A ‘Festival of Brexit’ is peak 2020 in neo-colonial Britain
If you were on social media today, you weren’t dreaming. The “Festival of Brexit” is still going ahead in 2022. So, you may want to order your sick bucket now. As it will be little more than a Victorian-like, neo-colonial whitewash of Tory Britain.
A ‘Festival of Brexshit’…?
As The Canary previously reported, plans for the festival were announced in January. Now, as the Guardian noted, it has opened its doors for people to apply with ideas:
The festival will open applications… to create teams… to come up with ideas for the event. Thirty teams, each receiving £100,000, will be chosen.
Its boss, Martin Green, says the festival isn’t really about Brexit. It’s currently called “Festival UK * 2022” – the asterisk indicating it’s a working title. Green claims the festival is about “bringing people together for a national celebration of creativity and innovation”.
Celebrating what, you may ask? The UK breaking international law time and time again? Boris Johnson’s pandemic catastrophe? There’s lot to choose from. Unsurprisingly, people on social media were left unimpressed.
Peak cognitive Victoriana?
Alan Stedman called it “jingoism”. Brendan May listed a few other ‘events’ he would prefer to go to:
Events I would rather attend than the ‘Festival of Brexit' include:
-a baby otter massacre
-Katie Hopkins 50th birthday
-a week long Laurence Fox singing marathon
-A Rees-Mogg family Christmas #brexit #festivalofbrexit #brexitshambles #toryshambles https://t.co/PNB6Yni64l
— Brendan May (@bmay) September 9, 2020
Indeed, a Rees-Mogg family Christmas must be an interesting affair.
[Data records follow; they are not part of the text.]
lemma coded_comp_closed:
  assumes bc: "1 \<le> b" "1 \<le> c" "b * c < d" and ijk: "i < 2" "j < 2" "k < 2"
    and fg: "f < mat2 1 b c d i j" "g < mat2 1 b c d j k"
  shows "coded_comp b c i j k g f < mat2 1 b c d i k"
proof -
  have "pair_code c f g < d" if "f < b" "g < c" for f g
    using pair_code_le[OF that] bc(3) by simp
  then show ?thesis
    using less_2_cases[OF ijk(1)] less_2_cases[OF ijk(2)] less_2_cases[OF ijk(3)] fg bc
    by (elim disjE) (simp_all add: mat2_def coded_comp_def code_fst_less code_snd_less)
qed

lemma in_Cat_mat2_coded_comp:
  assumes bc: "1 \<le> b" "1 \<le> c" "b * c < d"
  shows "in_Cat 2 (mat2 1 b c d) (\<lambda>i j. {0..<mat2 1 b c d i j}) (coded_comp b c) (\<lambda>i. 0)"
  unfolding in_Cat_def is_category_def
  using coded_comp_closed[OF bc] coded_comp_assoc[OF bc(1,2)] bc
  by (simp add: all_less_2) (simp add: mat2_def coded_comp_def)

lemma mat2_transpose: "\<lbrakk>i < 2; j < 2\<rbrakk> \<Longrightarrow> mat2 d c b a (1 - i) (1 - j) = mat2 a b c d i j"
  using less_2_cases[of i] less_2_cases[of j] unfolding mat2_def by auto

lemma Cat_mat2_nonempty:
  assumes "1 \<le> a" "1 \<le> b" "1 \<le> c" "1 \<le> d"
    and "(a = 1 \<and> b = 1 \<and> c = 1 \<and> d = 1) \<or> (a = 1 \<and> d > b * c) \<or> (d = 1 \<and> a > b * c)
           \<or> (a > 1 \<and> d > 1)"
  shows "\<exists>(Hom :: nat \<Rightarrow> nat \<Rightarrow> nat set) cmp ident. in_Cat 2 (mat2 a b c d) Hom cmp ident"
  using assms(5)
proof (elim disjE conjE)
  assume "d = 1" "b * c < a"
  then have "in_Cat 2 (mat2 d c b a) (\<lambda>i j. {0..<mat2 1 c b a i j}) (coded_comp c b) (\<lambda>i. 0)"
    using in_Cat_mat2_coded_comp[of c b a] assms(2,3) by (simp add: mult.commute)
  then have "in_Cat 2 (\<lambda>i j. mat2 d c b a (1 - i) (1 - j)) (\<lambda>i j. {0..<mat2 1 c b a (1 - i) (1 - j)})
      (\<lambda>i j k. coded_comp c b (1 - i) (1 - j) (1 - k)) (\<lambda>i. 0)"
    by (rule in_Cat_reindex) simp
  then show ?thesis by (subst (asm) in_Cat_cong[OF mat2_transpose]) auto
next
  assume "1 < a" "1 < d"
  then have "in_Cat 2 (mat2 a b c d) (\<lambda>i j. {0..<mat2 a b c d i j}) collapsing_comp (\<lambda>i. 0)"
    using assms(1-4) by (intro in_Cat_collapsing_comp) (auto simp: mat2_def all_less_2)
  then show ?thesis by blast
qed (use in_Cat_mat2_all_one in_Cat_mat2_coded_comp assms(2,3) in blast)+

lemma in_Cat_mat2_conditions:
  assumes "1 \<le> a" "1 \<le> d" and cat: "in_Cat 2 (mat2 a b c d) H cmp ident"
  shows "(a = 1 \<and> b = 1 \<and> c = 1 \<and> d = 1) \<or> (a = 1 \<and> d > b * c) \<or> (d = 1 \<and> a > b * c)
           \<or> (a > 1 \<and> d > 1)"
proof -
  interpret small_category 2 H cmp ident
    using cat by (simp add: in_Cat_def small_category_iff_is_category)
  have fin: "finite (H 0 0)" "finite (H 0 1)" "finite (H 1 0)" "finite (H 1 1)"
    and card: "card (H 0 0) = a" "card (H 0 1) = b" "card (H 1 0) = c" "card (H 1 1) = d"
    using cat unfolding in_Cat_def all_less_2 mat2_def by simp_all
  have trivial_endo: "H i i = {ident i}" if "i < 2" "card (H i i) = 1" for i
    using ident_closed[OF that(1)] that(2) by (metis card_1_singletonE singletonD)
  consider "a = 1" | "d = 1" | "1 < a \<and> 1 < d" using assms(1,2) by linarith
  then show ?thesis
  proof cases
    case 1
    then show ?thesis
      using card_endo_gt_card_homs[of 0 1] trivial_endo[of 0] fin card by auto
  next
    case 2
    then show ?thesis
      using card_endo_gt_card_homs[of 1 0] trivial_endo[of 1] fin card by (auto simp: mult.commute)
  qed simp
qed

theorem mainTheorem2:
  fixes a b c d :: nat
  assumes "a \<ge> 1" "b \<ge> 1" "c \<ge> 1" "d \<ge> 1"
  shows "(((a = 1 \<and> b = 1 \<and> c = 1 \<and> d = 1) \<or> (a = 1 \<and> d > b * c) \<or> (d = 1 \<and> a > b * c)
            \<or> (a > 1 \<and> d > 1))
           \<longrightarrow> (\<exists>(Hom :: nat \<Rightarrow> nat \<Rightarrow> nat set) cmp ident. in_Cat 2 (mat2 a b c d) Hom cmp ident))
       \<and> (\<not> ((a = 1 \<and> b = 1 \<and> c = 1 \<and> d = 1) \<or> (a = 1 \<and> d > b * c) \<or> (d = 1 \<and> a > b * c)
            \<or> (a > 1 \<and> d > 1))
           \<longrightarrow> \<not> (\<exists>(Hom :: nat \<Rightarrow> nat \<Rightarrow> 'm set) cmp ident. in_Cat 2 (mat2 a b c d) Hom cmp ident))"
  using Cat_mat2_nonempty[OF assms] in_Cat_mat2_conditions[OF assms(1,4)] by blast

end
You can almost picture the Dickensian scene: his long-suffering children dressed in pinafores, opening presents of dolls houses, coal and fruit; Upstairs, Downstairs in ultra HD with chambermaids emptying bedpans while Rees-Mogg gorges his chinless face on Turkey; screaming ‘bah humbug’ while 4.2 million modern-day Tiny Tims beg for ‘more’ food.
But then, a Victorian mindset seems to be where the Festival of Brexit has come from.
Nothing “great” about British “exhibitions”
Celebrating establishment ‘achievements’, when the truth is far darker, is par for the course in Britain. It harks back to Victorian displays of empire and wealth, like the Great Exhibition. This is something Theresa May’s government, who got the ball rolling on a Brexit festival, openly admitted.
But as Audrey Jaffe noted about the 1851 Great Exhibition, it was all about empire:
Its organizing principle was the idea of the nation… the implication being not only that England was, effectively, half the world but also that the rest of the world existed chiefly to supply England with raw materials. The rhetoric of British ‘possessions’ had the effect of teaching the English public what ‘belonged’ to them
Jaffe further said that:
Many of the objects on display would have been beyond the reach of working-class visitors; the exhibition was largely geared toward the construction and cultivation of middle-class tastes and desires.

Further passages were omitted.